Figure 1:Before and after applying Otsu segmentation method and MorphologicalEx method where the image labelled were removed.
Image source credit: (C) The mini-MIAS database of mammograms,http://peipa.essex.ac.uk/info/mias.html.
Download full-size image
DOI:10.7717/peerj-cs.2082/fig-1

Classification model development using deep learning approach

A deep convolutional neural network (D-CNN) model is developed by finely tuning its hyperparameters to accurately detect microcalcifications in mammogram images. Instead of training the CNN model from scratch, transfer learning is applied, utilizing pre-trained CNN models such as ResNet-50, GoogLeNet, VGG16 and AlexNet architecture from the torchvision library. To achieve optimal results, critical hyperparameters such as the number of epochs, learning rate, batch size, and step size are carefully adjusted.

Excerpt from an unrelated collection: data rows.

lemma cauchy_schwarz_cinner: "cmod (cinner x y) \<le> norm (x::'a::complex_inner) * norm y"
proof (cases "y = 0")
  case True
  then show ?thesis by simp
next
  case False
  define c where "c = cinner y x"
  define n where "n = (norm y)\<^sup>2"
  have "n > 0" using False by (simp add: n_def)
  define v where "v = complex_of_real n *\<^sub>C x - c *\<^sub>C y"
  have "cinner v v = complex_of_real n * (complex_of_real n * cinner x x - c * cnj c)"
    unfolding v_def
    by (simp add: cinner_diff_left cinner_diff_right cinner_scaleC_left cinner_scaleC_right
        cinner_commute[of x y] c_def[symmetric] cinner_self[of y] n_def algebra_simps)
  then have "complex_of_real ((norm v)\<^sup>2) = complex_of_real (n * (n * (norm x)\<^sup>2 - (cmod c)\<^sup>2))"
    by (simp add: cinner_self complex_norm_square[symmetric])
  then have "0 \<le> n * (n * (norm x)\<^sup>2 - (cmod c)\<^sup>2)"
    by (metis of_real_eq_iff zero_le_power2)
  then have "(cmod c)\<^sup>2 \<le> (norm x * norm y)\<^sup>2"
    using \<open>n > 0\<close> by (simp add: zero_le_mult_iff n_def power_mult_distrib mult.commute)
  then show ?thesis
    by (metis c_def cinner_commute complex_mod_cnj norm_ge_zero power2_le_imp_le zero_le_mult_iff)
qed

section \<open>The Riesz representation theorem\<close>

lemma exists_min_norm:
  fixes A :: "'a::chilbert_space set"
  assumes "closed A" and "convex A" and "A \<noteq> {}"
  shows "\<exists>z\<in>A. \<forall>w\<in>A. norm z \<le> norm w"
proof -
  define d where "d = Inf ((\<lambda>x. (norm x)\<^sup>2) ` A)"
  have bdd: "bdd_below ((\<lambda>x. (norm x)\<^sup>2) ` A)"
    by (rule bdd_belowI[of _ 0]) auto
  have d_le: "d \<le> (norm w)\<^sup>2" if "w \<in> A" for w
    unfolding d_def using bdd that by (simp add: cInf_lower)
  have "\<exists>x\<in>A. (norm x)\<^sup>2 < d + inverse (real (Suc n))" for n
    using cInf_less_iff[OF _ bdd, of "d + inverse (real (Suc n))"] \<open>A \<noteq> {}\<close>
    by (simp add: d_def)
  then obtain X where X_in: "\<And>n. X n \<in> A"
    and X_small: "\<And>n. (norm (X n))\<^sup>2 < d + inverse (real (Suc n))"
    by metis
  have midpoint: "4 * d \<le> (norm (X m + X n))\<^sup>2" for m n
  proof -
    have "(1/2) *\<^sub>R X m + (1 - 1/2) *\<^sub>R X n \<in> A"
      using \<open>convex A\<close> X_in by (intro convexD) auto
    then have "d \<le> (norm ((1/2) *\<^sub>R (X m + X n)))\<^sup>2"
      by (intro d_le) (simp add: scaleR_add_right)
    then show ?thesis
      by (simp add: power_mult_distrib power2_eq_square)
  qed
  have X_close: "(norm (X m - X n))\<^sup>2 < 2 * inverse (real (Suc m)) + 2 * inverse (real (Suc n))"
    for m n
    using parallelogram_law[of "X m" "X n"] midpoint[of m n] X_small[of m] X_small[of n]
    by linarith
  have "Cauchy X"
  proof (rule metric_CauchyI)
    fix e :: real
    assume "0 < e"
    then obtain M where "M \<noteq> 0" and M: "inverse (real M) < e\<^sup>2 / 4"
      using real_arch_inverse[of "e\<^sup>2 / 4"] by auto
    have "dist (X m) (X n) < e" if "M \<le> m" "M \<le> n" for m n
    proof -
      have "inverse (real (Suc k)) \<le> inverse (real M)" if "M \<le> k" for k
        using \<open>M \<noteq> 0\<close> that by (simp add: le_imp_inverse_le)
      then have "inverse (real (Suc m)) \<le> inverse (real M)" "inverse (real (Suc n)) \<le> inverse (real M)"
        using that by auto
      then have "(norm (X m - X n))\<^sup>2 < e\<^sup>2"
        using X_close[of m n] M by linarith
      then show ?thesis
        using \<open>0 < e\<close> by (simp add: dist_norm power_less_imp_less_base)
    qed
    then show "\<exists>M. \<forall>m\<ge>M. \<forall>n\<ge>M. dist (X m) (X n) < e"
      by blast
  qed
  then obtain z where z: "X \<longlonglongrightarrow> z"
    using Cauchy_convergent_iff convergent_def by blast
  have "z \<in> A"
    using \<open>closed A\<close> X_in z closed_sequentially by blast
  have "(norm z)\<^sup>2 \<le> d"
  proof (rule LIMSEQ_le[of "\<lambda>n. (norm (X n))\<^sup>2" _ "\<lambda>n. d + inverse (real (Suc n))"])
    show "(\<lambda>n. (norm (X n))\<^sup>2) \<longlonglongrightarrow> (norm z)\<^sup>2"
      by (intro tendsto_intros z)
    show "(\<lambda>n. d + inverse (real (Suc n))) \<longlonglongrightarrow> d"
      by (rule LIMSEQ_inverse_real_of_nat_add)
    show "\<exists>N. \<forall>n\<ge>N. (norm (X n))\<^sup>2 \<le> d + inverse (real (Suc n))"
      using X_small less_imp_le by blast
  qed
  then have "\<forall>w\<in>A. norm z \<le> norm w"
    using d_le by (meson norm_ge_zero order_trans power2_le_imp_le)
  with \<open>z \<in> A\<close> show ?thesis
    by blast
qed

The input images underwent normalization to the standard normalization parameters specified by ImageNet ([0.485, 0.456, 0.406], [0.229, 0.224, 0.225]). This normalization was performed because the transfer learning model employed was pre-trained using the ImageNet database. Normalization is necessary to restore the original color of the input cell regions that have been stained.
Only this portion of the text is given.